The key concept for this might be called "reputation tracking" or "proof of identity".

The idea is that every attempt to request a web page could be quickly sorted into one of three categories:

  • A (highest): Known users with accounts
  • B: Known browsers with a signed cookie
  • C (lowest): Anonymous

This filtering would take place at a stage before attempting to access the actual web site; queued requests would only be passed to the actual sites after being placed in appropriate queues -- with the requests in the "A" queue being passed along first, and those in lower queues only being passed along (when there was capacity to handle them) after any higher-ranked queues were empty.

Mechanism

Every anonymous request (class C) would be offered a unique cookie. This cookie would contain server-signed identity-and-state information.
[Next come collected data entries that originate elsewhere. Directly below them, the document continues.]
(* Let $(C_*,\partial_C,\ell_C)$ and $(D_*,\partial_D,\ell_D)$ be ascending chain complexes over a field $\kappa$ such that each $C_k$ admits an $\ell_C$-orthogonal basis, each $D_k$ admits an $\ell_D$-orthogonal basis, and $C_k=D_k=0$ for all $k<0$. Then every filtered quasi-isomorphism $f\colon C_*\to D_*$ is a filtered homotopy equivalence.
   Context: An ascending chain complex over $\kappa$ is a triple $(C_*,\partial,\ell)$ where $(C_*=\bigoplus_{k\in\mathbb{Z}}C_k,\partial)$ is a chain complex of $\kappa$-vector spaces and $\ell\colon C_*\to\mathbb{R}\cup\{-\infty\}$ satisfies: $\ell(x)=-\infty$ iff $x=0$; $\ell(\sum_i c_ix_i)\le\max\{\ell(x_i): c_i\neq 0\}$, with equality if the $x_i$ lie in pairwise distinct degrees; and $\ell(\partial x)\le\ell(x)$. A subset $S$ of nonzero vectors is $\ell$-orthogonal if $\ell(\sum c_iv_i)=\max\{\ell(v_i):c_i\ne0\}$ for all finitely many distinct $v_i\in S$ and $c_i\in\kappa$. A filtered chain map $f\colon C_*\to D_*$ is a chain map with $\ell_D\circ f\le\ell_C$; it is a filtered quasi-isomorphism if for each $k\in\mathbb{Z}$ and $t\in\mathbb{R}$ the induced map $H_k(C^{\le t}_* )\to H_k(D^{\le t}_* )$ is an isomorphism, where $C^{\le t}_*=\{c:\ell_C(c)\le t\}$. A filtered homotopy equivalence is a filtered chain map $f$ for which there exist a filtered chain map $g\colon D_*\to C_*$ and maps $K^C\colon C_*\to C_{*+1}$, $K^D\colon D_*\to D_{*+1}$ with $\ell_C\circ K^C\le\ell_C$, $\ell_D\circ K^D\le\ell_D$, $\partial_CK^C+K^C\partial_C=1-gf$, $\partial_DK^D+K^D\partial_D=1-fg$. *)

theory Defs
  imports Main "HOL-Library.Extended_Real"
begin

(* A graded vector space C_* = (+)_k C_k over a field 'k is represented by a
   family of subspaces  C :: int => 'v set  of one ambient vector space
   (scalar multiplication sc); the summand C_k is  C k.  All data of degree 0
   (resp. +1, -1) on C_* are represented by their degree-k components.
   The filtration function ell on C_* is determined by its values on the
   summands, since ell(sum of elements in distinct degrees) = max of the ell's;
   thus ell is given degreewise as  l k : C k -> ereal  (values in R u {-inf}). *)

definition lin_on :: "('k::field \<Rightarrow> 'v::ab_group_add \<Rightarrow> 'v) \<Rightarrow> ('k \<Rightarrow> 'w::ab_group_add \<Rightarrow> 'w)
    \<Rightarrow> 'v set \<Rightarrow> ('v \<Rightarrow> 'w) \<Rightarrow> bool" where
  "lin_on sv sw A h \<longleftrightarrow>
     (\<forall>x\<in>A. \<forall>y\<in>A. h (x + y) = h x + h y) \<and> (\<forall>a. \<forall>x\<in>A. h (sv a x) = sw a (h x))"

definition asc_chain_complex ::
  "('k::field \<Rightarrow> 'v::ab_group_add \<Rightarrow> 'v) \<Rightarrow> (int \<Rightarrow> 'v set) \<Rightarrow> (int \<Rightarrow> 'v \<Rightarrow> 'v)
     \<Rightarrow> (int \<Rightarrow> 'v \<Rightarrow> ereal) \<Rightarrow> bool" where
  "asc_chain_complex sc C d l \<longleftrightarrow>
     vector_space sc \<and>
     (\<forall>k. module.subspace sc (C k)) \<and>
     (\<forall>k. \<forall>x\<in>C k. d k x \<in> C (k - 1)) \<and>
     (\<forall>k. lin_on sc sc (C k) (d k)) \<and>
     (\<forall>k. \<forall>x\<in>C k. d (k - 1) (d k x) = 0) \<and>
     (\<forall>k. \<forall>x\<in>C k. l k x \<noteq> \<infinity> \<and> (l k x = - \<infinity> \<longleftrightarrow> x = 0)) \<and>
     (\<forall>k. \<forall>S c. finite S \<and> S \<subseteq> C k \<longrightarrow>
          l k (\<Sum>x\<in>S. sc (c x) x) \<le> (SUP x\<in>{x\<in>S. c x \<noteq> 0}. l k x)) \<and>
     (\<forall>k. \<forall>x\<in>C k. l (k - 1) (d k x) \<le> l k x)"

definition orth_basis ::
  "('k::field \<Rightarrow> 'v::ab_group_add \<Rightarrow> 'v) \<Rightarrow> 'v set \<Rightarrow> ('v \<Rightarrow> ereal) \<Rightarrow> 'v set \<Rightarrow> bool" where
  "orth_basis sc Ck lk B \<longleftrightarrow>
     B \<subseteq> Ck \<and> 0 \<notin> B \<and> \<not> module.dependent sc B \<and> module.span sc B = Ck \<and>
     (\<forall>S c. finite S \<and> S \<subseteq> B \<longrightarrow>
          lk (\<Sum>x\<in>S. sc (c x) x) = (SUP x\<in>{x\<in>S. c x \<noteq> 0}. lk x))"

definition filtered_chain_map ::
  "('k::field \<Rightarrow> 'v::ab_group_add \<Rightarrow> 'v) \<Rightarrow> (int \<Rightarrow> 'v set) \<Rightarrow> (int \<Rightarrow> 'v \<Rightarrow> 'v) \<Rightarrow> (int \<Rightarrow> 'v \<Rightarrow> ereal)
   \<Rightarrow> ('k \<Rightarrow> 'w::ab_group_add \<Rightarrow> 'w) \<Rightarrow> (int \<Rightarrow> 'w set) \<Rightarrow> (int \<Rightarrow> 'w \<Rightarrow> 'w) \<Rightarrow> (int \<Rightarrow> 'w \<Rightarrow> ereal)
   \<Rightarrow> (int \<Rightarrow> 'v \<Rightarrow> 'w) \<Rightarrow> bool" where
  "filtered_chain_map sC C dC lC sD D dD lD f \<longleftrightarrow>
     (\<forall>k. \<forall>x\<in>C k. f k x \<in> D k) \<and>
     (\<forall>k. lin_on sC sD (C k) (f k)) \<and>
     (\<forall>k. \<forall>x\<in>C k. dD k (f k x) = f (k - 1) (dC k x)) \<and>
     (\<forall>k. \<forall>x\<in>C k. lD k (f k x) \<le> lC k x)"

definition sub_le :: "(int \<Rightarrow> 'v set) \<Rightarrow> (int \<Rightarrow> 'v \<Rightarrow> ereal) \<Rightarrow> real \<Rightarrow> int \<Rightarrow> 'v set" where
  "sub_le C l t k = {x \<in> C k. l k x \<le> ereal t}"

(* the map H_k(C^{<=t}) -> H_k(D^{<=t}) induced by f is bijective
   (written out on cycles and boundaries of the filtered subcomplexes) *)
definition induces_homology_iso ::
  "(int \<Rightarrow> 'v::ab_group_add set) \<Rightarrow> (int \<Rightarrow> 'v \<Rightarrow> 'v) \<Rightarrow> (int \<Rightarrow> 'v \<Rightarrow> ereal)
   \<Rightarrow> (int \<Rightarrow> 'w::ab_group_add set) \<Rightarrow> (int \<Rightarrow> 'w \<Rightarrow> 'w) \<Rightarrow> (int \<Rightarrow> 'w \<Rightarrow> ereal)
   \<Rightarrow> (int \<Rightarrow> 'v \<Rightarrow> 'w) \<Rightarrow> real \<Rightarrow> int \<Rightarrow> bool" where
  "induces_homology_iso C dC lC D dD lD f t k \<longleftrightarrow>
     (\<forall>z\<in>sub_le D lD t k. dD k z = 0 \<longrightarrow>
        (\<exists>c\<in>sub_le C lC t k. dC k c = 0 \<and> (\<exists>y\<in>sub_le D lD t (k + 1). z = f k c + dD (k + 1) y))) \<and>
     (\<forall>c\<in>sub_le C lC t k. dC k c = 0 \<longrightarrow>
        (\<exists>y\<in>sub_le D lD t (k + 1). f k c = dD (k + 1) y) \<longrightarrow>
        (\<exists>y'\<in>sub_le C lC t (k + 1). c = dC (k + 1) y'))"

definition filtered_quasi_iso where
  "filtered_quasi_iso sC C dC lC sD D dD lD f \<longleftrightarrow>
     filtered_chain_map sC C dC lC sD D dD lD f \<and>
     (\<forall>k t. induces_homology_iso C dC lC D dD lD f t k)"

definition filtered_homotopy_op ::
  "('k::field \<Rightarrow> 'v::ab_group_add \<Rightarrow> 'v) \<Rightarrow> (int \<Rightarrow> 'v set) \<Rightarrow> (int \<Rightarrow> 'v \<Rightarrow> ereal)
   \<Rightarrow> (int \<Rightarrow> 'v \<Rightarrow> 'v) \<Rightarrow> bool" where
  "filtered_homotopy_op sC C lC K \<longleftrightarrow>
     (\<forall>k. \<forall>x\<in>C k. K k x \<in> C (k + 1)) \<and>
     (\<forall>k. lin_on sC sC (C k) (K k)) \<and>
     (\<forall>k. \<forall>x\<in>C k. lC (k + 1) (K k x) \<le> lC k x)"

definition filtered_homotopy_equiv where
  "filtered_homotopy_equiv sC C dC lC sD D dD lD f \<longleftrightarrow>
     filtered_chain_map sC C dC lC sD D dD lD f \<and>
     (\<exists>g KC KD.
        filtered_chain_map sD D dD lD sC C dC lC g \<and>
        filtered_homotopy_op sC C lC KC \<and>
        filtered_homotopy_op sD D lD KD \<and>
        (\<forall>k. \<forall>x\<in>C k. dC (k + 1) (KC k x) + KC (k - 1) (dC k x) = x - g k (f k x)) \<and>
        (\<forall>k. \<forall>y\<in>D k. dD (k + 1) (KD k y) + KD (k - 1) (dD k y) = y - f k (g k y)))"

end

(* A filtered chain map f : C -> D is a filtered homotopy equivalence as soon as its mapping
   cone, with Cone_n = C_(n-1) (+) D_n, d (c, y) = (- d c, f c + d y) and
   l (c, y) = max (l c) (l y), admits a filtered contraction K (d K + K d = 1, l o K <= l):
   the D -> C entry of K is a filtered homotopy inverse of f, and its diagonal entries are the
   two homotopies.  If f is a filtered quasi-isomorphism, the cone is filtered acyclic: a cycle
   of filtration level <= t bounds a chain of level <= t (this is injectivity on H(C^{<=t}) in
   one degree and surjectivity in the next).  The cone inherits orthogonal bases from C and D
   and vanishes in negative degrees, so a contraction can be built degree by degree: on a basis
   vector e of degree n, K e is a filtered preimage of the cycle e - K (d e), and orthogonality
   makes the linear extension from the basis filtered. *)

theory Submission
  imports Defs "HOL-Library.Product_Plus"
begin

lemma lin_on_add:
  "lin_on s1 s2 A h \<Longrightarrow> x \<in> A \<Longrightarrow> y \<in> A \<Longrightarrow> h (x + y) = h x + h y"
  unfolding lin_on_def by blast

lemma lin_on_scale: "lin_on s1 s2 A h \<Longrightarrow> x \<in> A \<Longrightarrow> h (s1 a x) = s2 a (h x)"
  unfolding lin_on_def by blast

lemma lin_on_zero:
  assumes "lin_on s1 s2 A h" "0 \<in> A"
  shows "h 0 = 0"
proof -
  have "h (0 + 0) = h 0 + h 0" using lin_on_add[OF assms(1)] assms(2) by blast
  then show ?thesis by simp
qed

lemma lin_on_neg:
  assumes "lin_on s1 s2 A h" "module s1" "module.subspace s1 A" "x \<in> A"
  shows "h (- x) = - h x"
proof -
  have "- x \<in> A" "0 \<in> A"
    using module.subspace_neg[OF assms(2-4)] module.subspace_0[OF assms(2,3)] .
  then have "h x + h (- x) = 0"
    using lin_on_add[OF assms(1) assms(4), of "- x"] lin_on_zero[OF assms(1)] by simp
  then show ?thesis by (simp add: add_eq_0_iff2)
qed

lemma lin_on_diff:
  assumes "lin_on s1 s2 A h" "module s1" "module.subspace s1 A" "x \<in> A" "y \<in> A"
  shows "h (x - y) = h x - h y"
  using lin_on_add[OF assms(1) assms(4) module.subspace_neg[OF assms(2,3,5)]]
    lin_on_neg[OF assms(1-3,5)] by simp

lemma lin_on_comp:
  "lin_on s1 s2 A h \<Longrightarrow> h ` A \<subseteq> A' \<Longrightarrow> lin_on s2 s3 A' h' \<Longrightarrow> lin_on s1 s3 A (h' \<circ> h)"
  unfolding lin_on_def by (auto simp: image_subset_iff)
If a valid cookie is presented with an access-request, then that request defaults to class B; if not, it remains in class C. The cookies presented with class B requests allow us to distinguish between individual actors (even if -- or perhaps especially if -- they share the cookie amongst multiple bots at different IP addresses) for purposes of rate-limiting, ROBOTS.TXT-compliance, and any other problematic behaviors.

Scenarios

So, for example: if a class-B request isn't obeying ROBOTS.TXT, and we have no reason to think it's a real user (e.g. delay between unrelated requests is too short) then we'd maybe kick it into category C.

Even if it's difficult to tell the difference between "legit but non-logged-in user accessing a no-bots zone" and "bot misbehaving", B would still get lower priority than A, so the site should always stay responsive for logged-in users (because they get top access priority).

Obstacles

  • The filtering code itself would need to be very fast and should avoid using a database, because that would create congestion even for class C requests.
    • A key technique, which may pose its own issues, is for applications to add login-state to the cookie. Many applications could easily support this with extensions or addons, but there may not be a universal solution.
  • The filtering code needs to be run across all vhosts on a server. I'm thinking this can be done via httpd configuration, but the exact methodology remains to be determined.